"Маленький Лорд" - читать интересную книгу автора (Борген Юхан)

5

Неужели три недели, от четверга до четверга, могут тянуться так долго?

Маленький Лорд иногда целыми днями томился в болезненном напряжении, ожидая музыкального вечера у дяди Рене. Однажды там присутствовала Боргхилд Лангорд. Услышав, как Вилфред играет какую-то пьеску Глюка, она сказала:

– Просто поразительно, как этот мальчик все понимает.

Предполагалось, что мальчик этого слышать не должен. А может, наоборот?

На эти вечера часто приходили те, чьи портреты печатались в «Моргенбладет». Каждый третий четверг… Но неужели три недели, от четверга до четверга, могут тянуться так долго? Счет времени для Маленького Лорда всегда был загадкой. Он измерял время четвергами. И еще было важно отдалять то, что таило угрозу. Четверги помогали и тут.

Да, все, что таит угрозу, надо стараться держать в отдалении. Спаси меня, дорогой господь бог, дорогая мама, дорогой кто угодно и что угодно, только спаси меня!

Или наоборот: не спасай меня – пусть это случится! Пусть грянет гром. Пусть полиция явится в музыкальную гостиную дяди Рене, где стоит мебель с позолоченными ножками. Пусть полиция явится в гостиную – суровые мужчины с раздвоенными бородками, в мундирах и касках.

– Есть здесь некий Вилфред? Мы пришли арестовать его.

Он видел эту сцену. Видел во всех подробностях. Видел, как гости разевают рты, приподнимаются со стульев, чувствовал взгляд каждого из них, точно стальное лезвие в своем теле, и как он сам встает с маленького табурета у рояля и говорит:

– Вилфред – это я. Не позволите ли вы мне сначала доиграть Моцарта?

В музыкальной гостиной дяди Рене был высокий потолок и белые стены. В музыкальной гостиной вообще все было окрашено в белый и золотой цвет. Когда-то Маленький Лорд думал, что это рай, самый настоящий.
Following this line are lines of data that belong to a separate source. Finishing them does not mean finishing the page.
definition real_decomp :: "tensor22 \<Rightarrow> nat \<Rightarrow> bool" where
  "real_decomp H n \<longleftrightarrow> (\<exists>(lam::nat \<Rightarrow> real) (u1::nat \<Rightarrow> real^2) (u2::nat \<Rightarrow> real^2).
      H = (\<Sum>i<n. lam i *\<^sub>R herm_prod (cvec (u1 i)) (cvec (u2 i))))"

lemma hrank_eq_Least: "hrank H = (LEAST n. herm_decomp H n)"
  by (simp add: hrank_def herm_decomp_def)

lemma hrank_R_eq_Least: "hrank_R H = (LEAST n. real_decomp H n)"
  by (simp add: hrank_R_def real_decomp_def)

lemma herm_decomp_if_real_decomp: "real_decomp H n \<Longrightarrow> herm_decomp H n"
  unfolding real_decomp_def herm_decomp_def by (metis (no_types))

lemma hrank_le: "herm_decomp H n \<Longrightarrow> hrank H \<le> n"
  unfolding hrank_eq_Least by (rule Least_le)

lemma hrank_R_le: "real_decomp H n \<Longrightarrow> hrank_R H \<le> n"
  unfolding hrank_R_eq_Least by (rule Least_le)

lemma hrank_le_hrank_R: "real_decomp H n \<Longrightarrow> hrank H \<le> hrank_R H"
  unfolding hrank_R_eq_Least by (rule hrank_le, rule herm_decomp_if_real_decomp, rule LeastI)

lemma real_decomp_add_single:
  assumes "real_decomp H n"
  shows "real_decomp (H + c *\<^sub>R herm_prod (cvec x) (cvec y)) (Suc n)"
proof -
  obtain lam u1 u2 where H: "H = (\<Sum>i<n. lam i *\<^sub>R herm_prod (cvec (u1 i)) (cvec (u2 i)))"
    using assms by (auto simp: real_decomp_def)
  have "H + c *\<^sub>R herm_prod (cvec x) (cvec y) =
      (\<Sum>i<Suc n. (lam(n := c)) i *\<^sub>R herm_prod (cvec ((u1(n := x)) i)) (cvec ((u2(n := y)) i)))"
    unfolding H by simp
  then show ?thesis unfolding real_decomp_def by blast
qed
lemma selfadjoint_on_orthogonal_complement:
  assumes "subspace V" "V \<subseteq> S" "\<And>v. v \<in> V \<Longrightarrow> f v \<in> V"
  shows "selfadjoint_on {w\<in>S. \<forall>v\<in>V. w \<bullet> v = 0} f"
proof (rule selfadjoint_on_invariant_subspace)
  show "subspace {w\<in>S. \<forall>v\<in>V. w \<bullet> v = 0}"
    unfolding subspace_def using subspace
    by (auto simp: subspace_0 subspace_add subspace_scale inner_add_left)
  fix w assume w: "w \<in> {w\<in>S. \<forall>v\<in>V. w \<bullet> v = 0}"
  have "f w \<bullet> v = w \<bullet> f v" if "v \<in> V" for v
    using w that assms(2) by (intro symmetric) auto
  then show "f w \<in> {w\<in>S. \<forall>v\<in>V. w \<bullet> v = 0}" using w assms(3) maps_to by auto
qed auto

theorem span_eigenspaces_eq: "span (\<Union>c\<in>eigenvalues_on f S. eigenspace c) = S"
proof (rule ccontr)
  let ?V = "span (\<Union>c\<in>eigenvalues_on f S. eigenspace c)"
  define W where "W = {w\<in>S. \<forall>v\<in>?V. w \<bullet> v = 0}"
  assume "?V \<noteq> S"
  then obtain x where x: "x \<in> S" "x \<notin> ?V" using span_eigenspaces_subset by blast
  obtain y z where yz: "y \<in> ?V" "\<And>v. v \<in> ?V \<Longrightarrow> orthogonal z v" "x = y + z"
    using orthogonal_subspace_decomp_exists[of ?V x] unfolding span_span by blast
  have "z \<in> S" using subspace_diff[OF subspace x(1), of y] yz span_eigenspaces_subset by auto
  then have "z \<in> W" "z \<noteq> 0" using yz x(2) by (auto simp: W_def orthogonal_def)
  \<comment> \<open>The orthogonal complement W of ?V in S is f-invariant, so it contains an eigenvector.\<close>
  have "selfadjoint_on W f"
    unfolding W_def using span_eigenspaces_subset span_eigenspaces_invariant
    by (intro selfadjoint_on_orthogonal_complement) auto
  moreover have "W \<noteq> {0}" using \<open>z \<in> W\<close> \<open>z \<noteq> 0\<close> by blast
  ultimately obtain u c where u: "u \<in> W" "u \<noteq> 0" "f u = c *\<^sub>R u"
    by (rule selfadjoint_on.exists_eigenvector)
  then have "u \<in> eigenspace c" "u \<in> S" by (auto simp: W_def eigenspace_def)
  then have "u \<in> ?V"
    using u(2) by (intro span_base) (auto simp: eigenvalues_on_def eigenspace_def)
  then show False using u(1,2) by (auto simp: W_def)
qed

lemma dim_eq_sum_eig_mult: "dim S = (\<Sum>c\<in>eigenvalues_on f S. eig_mult f S c)"
  using dim_span_eigenspaces[OF finite_eigenvalues] span_eigenspaces_eq
  by (simp add: eig_mult_eq_dim_eigenspace)

lemma n_neg_add_n_zero_add_n_pos: "n_neg f S + n_zero f S + n_pos f S = dim S"
proof -
  let ?ev = "eigenvalues_on f S" and ?m = "eig_mult f S"
  have "(\<Sum>c\<in>{c\<in>?ev. c = 0}. ?m c) = ?m 0"
  proof (cases "0 \<in> ?ev")
    case True
    then have "{c\<in>?ev. c = 0} = {0}" by auto
    then show ?thesis by simp
  next
    case False
    then show ?thesis
      by (simp add: eigenvalue_iff_eigenspace_nontrivial eig_mult_eq_dim_eigenspace)
  qed
  moreover have "(\<Sum>c\<in>?ev. ?m c)
      = (\<Sum>c\<in>{c\<in>?ev. c < 0}. ?m c) + ((\<Sum>c\<in>{c\<in>?ev. c = 0}. ?m c) + (\<Sum>c\<in>{c\<in>?ev. 0 < c}. ?m c))"
  proof -
    let ?A = "{c\<in>?ev. c < 0}" and ?Z = "{c\<in>?ev. c = 0}" and ?B = "{c\<in>?ev. 0 < c}"
    have fin: "finite {c\<in>?ev. P c}" for P using finite_eigenvalues by simp
    have "?ev = ?A \<union> (?Z \<union> ?B)" by auto
    then have "sum ?m ?ev = sum ?m (?A \<union> (?Z \<union> ?B))" by (rule arg_cong)
    also have "\<dots> = sum ?m ?A + sum ?m (?Z \<union> ?B)"
      by (rule sum.union_disjoint[OF fin finite_UnI[OF fin fin]]) auto
    also have "sum ?m (?Z \<union> ?B) = sum ?m ?Z + sum ?m ?B"
      by (rule sum.union_disjoint[OF fin fin]) auto
    finally show ?thesis .
  qed
  ultimately show ?thesis
    by (simp add: dim_eq_sum_eig_mult n_neg_def n_zero_def n_pos_def)
qed

lemma form_pos_on_span_eigenspaces:
  assumes "finite C" "\<forall>c\<in>C. 0 < s * c" "x \<in> span (\<Union>c\<in>C. eigenspace c)" "x \<noteq> 0"
  shows "0 < s * (f x \<bullet> x)"
  using assms
proof (induction C arbitrary: x rule: finite_induct)
  case empty
  then show ?case by simp
next
  case (insert d C)
  obtain a b where ab: "x = a + b" "a \<in> eigenspace d" "b \<in> span (\<Union>c\<in>C. eigenspace c)"
    using insert.prems(2) span_eigenspaces_insert by blast
  have "a \<in> S" "b \<in> S" using ab eigenspace_subset span_eigenspaces_subset by blast+
  have "a \<bullet> b = 0" using eigenspace_orthogonal_span[OF insert.hyps(2) ab(2,3)] .
  moreover have "f a = d *\<^sub>R a" using ab(2) by (simp add: eigenspace_def)
  moreover have "f b \<bullet> a = b \<bullet> f a" using \<open>a \<in> S\<close> \<open>b \<in> S\<close> symmetric by blast
  ultimately have form: "s * (f x \<bullet> x) = (s * d) * (a \<bullet> a) + s * (f b \<bullet> b)"
    unfolding ab(1) by (simp add: linear_add[OF linear] inner_add_left inner_add_right inner_commute
        algebra_simps)
  have sd: "0 < s * d" using insert.prems(1) by simp
  have "0 \<le> s * (f b \<bullet> b)"
    using insert.IH[of b] insert.prems(1) ab(3) by (cases "b = 0") (auto simp: linear_0[OF linear])
  moreover have "0 < s * d * (a \<bullet> a) \<or> 0 < s * (f b \<bullet> b)"
    using insert.IH[of b] insert.prems ab sd by (cases "a = 0") auto
  moreover have "0 \<le> s * d * (a \<bullet> a)" using sd by simp
  ultimately show ?case unfolding form by linarith
qed

lemma dim_span_eigenspaces_add_le:
  assumes "finite C" "\<forall>c\<in>C. 0 < s * c"
    and "subspace U" "U \<subseteq> S" "\<forall>x\<in>U. s * (f x \<bullet> x) \<le> 0"
  shows "dim (span (\<Union>c\<in>C. eigenspace c)) + dim U \<le> dim S"
proof -
  let ?N = "span (\<Union>c\<in>C. eigenspace c)"
  have "?N \<inter> U = {0}"
    using form_pos_on_span_eigenspaces[OF assms(1,2)] assms(3,5) span_0 subspace_0
    by fastforce
  then have "dim {x + y |x y. x \<in> ?N \<and> y \<in> U} = dim ?N + dim U"
    using dim_sums_Int[OF subspace_span assms(3), of "\<Union>c\<in>C. eigenspace c"] by (simp del: dim_span)
  moreover have "{x + y |x y. x \<in> ?N \<and> y \<in> U} \<subseteq> S"
    using span_eigenspaces_subset assms(4) subspace by (auto intro: subspace_add)
  then have "dim {x + y |x y. x \<in> ?N \<and> y \<in> U} \<le> dim S" by (rule dim_subset)
  ultimately show ?thesis by linarith
qed

lemma n_neg_add_dim_le:
  assumes "subspace U" "U \<subseteq> S" "\<forall>x\<in>U. 0 \<le> f x \<bullet> x"
  shows "n_neg f S + dim U \<le> dim S"
proof -
  let ?C = "{c\<in>eigenvalues_on f S. c < 0}"
  have "dim (span (\<Union>c\<in>?C. eigenspace c)) + dim U \<le> dim S"
    using assms finite_eigenvalues by (intro dim_span_eigenspaces_add_le[where s = "-1"]) auto
  then show ?thesis
    using finite_eigenvalues
    by (simp add: dim_span_eigenspaces n_neg_def eig_mult_eq_dim_eigenspace del: dim_span)
qed

lemma n_pos_add_dim_le:
  assumes "subspace U" "U \<subseteq> S" "\<forall>x\<in>U. f x \<bullet> x \<le> 0"
  shows "n_pos f S + dim U \<le> dim S"
proof -
  let ?C = "{c\<in>eigenvalues_on f S. 0 < c}"
  have "dim (span (\<Union>c\<in>?C. eigenspace c)) + dim U \<le> dim S"
    using assms finite_eigenvalues by (intro dim_span_eigenspaces_add_le[where s = 1]) auto
  then show ?thesis
    using finite_eigenvalues
    by (simp add: dim_span_eigenspaces n_pos_def eig_mult_eq_dim_eigenspace del: dim_span)
qed

text \<open>A null vector of a semidefinite form is a minimum, so the form's gradient there vanishes.\<close>

lemma form_null_vector_orthogonal:
  assumes "subspace U" "U \<subseteq> S" "s \<noteq> 0" "\<forall>y\<in>U. 0 \<le> s * (f y \<bullet> y)"
    and "x \<in> U" "f x \<bullet> x = 0" "y \<in> U"
  shows "f x \<bullet> y = 0"
proof -
  have "0 \<le> 2 * t * (s * (f x \<bullet> y)) + t\<^sup>2 * (s * (f y \<bullet> y))" for t
  proof -
    have "x + t *\<^sub>R y \<in> U" using assms(1,5,7) by (simp add: subspace_add subspace_scale)
    then have "0 \<le> s * (f (x + t *\<^sub>R y) \<bullet> (x + t *\<^sub>R y))" using assms(4) by blast
    then show ?thesis
      using assms(2,5,6,7) by (subst (asm) form_add_scaled) (auto simp: algebra_simps)
  qed
  then have "s * (f x \<bullet> y) = 0" by (rule quadratic_nonneg_imp_linear_coeff_zero)
  then show ?thesis using assms(3) by simp
qed

end

section \<open>Inertia of a semidefinite splitting\<close>

locale semidefinite_splitting = selfadjoint_on +
  fixes P M :: "'a set"
  assumes subspace_P: "subspace P" and subspace_M: "subspace M"
    and sum_eq: "S = {a + b |a b. a \<in> P \<and> b \<in> M}"
    and form_nonneg: "x \<in> P \<Longrightarrow> 0 \<le> f x \<bullet> x"
    and form_nonpos: "x \<in> M \<Longrightarrow> f x \<bullet> x \<le> 0"
    and null_P: "x \<in> P \<Longrightarrow> f x \<bullet> x = 0 \<Longrightarrow> x \<in> M"
    and null_M: "x \<in> M \<Longrightarrow> f x \<bullet> x = 0 \<Longrightarrow> x \<in> P"
begin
Но даже и потом он всегда считал, что в обители господа бога должна быть похожая обстановка.

В салоне дяди Рене не было никаких пальм, никаких картин на стенах, только бюст Бетховена на белом комоде с инкрустированными пузатыми ящиками. У комода были гнутые золоченые ножки, как у всей остальной мебели. Ножки, казалось, выгнулись от избытка блаженства да так и застыли навсегда в самую сладкую минуту. Ро-ко-ко! В этом слове слышалось воркованье голубей, звук, полный неги, хорошего настроения, праздничного подъема, который охватывал каждого, кто вступал в этот зал.

У дяди Рене не подавали обильного угощения. Только чай с тостами в перерыве. До перерыва обычно слушали Баха, Брамса и прочих композиторов на «Б». Зато после наступали волнующие мгновения Дебюсси, Цезаря Франка или прозрачных, чуть однообразных сонат неизвестного автора, написанных, как знали все, самим дядей Рене. Но это была тайна, и горе тому, кто обмолвится об этом… На вечера приходили трое штатных музыкантов из оркестра Национального театра: альт, скрипка и виолончель. За рояль садился кто-нибудь из гостей. Дядя Рене – никогда. Он играл на скрипке или флейте. Маленький Лорд знал, что музыканты иногда посмеивались над дядей, хотя он играл очень хорошо. Ему казалось, что дядя и сам это знает. Но у дяди Рене было великолепное свойство – ни на что не обращать внимания. Он был такой, какой он есть.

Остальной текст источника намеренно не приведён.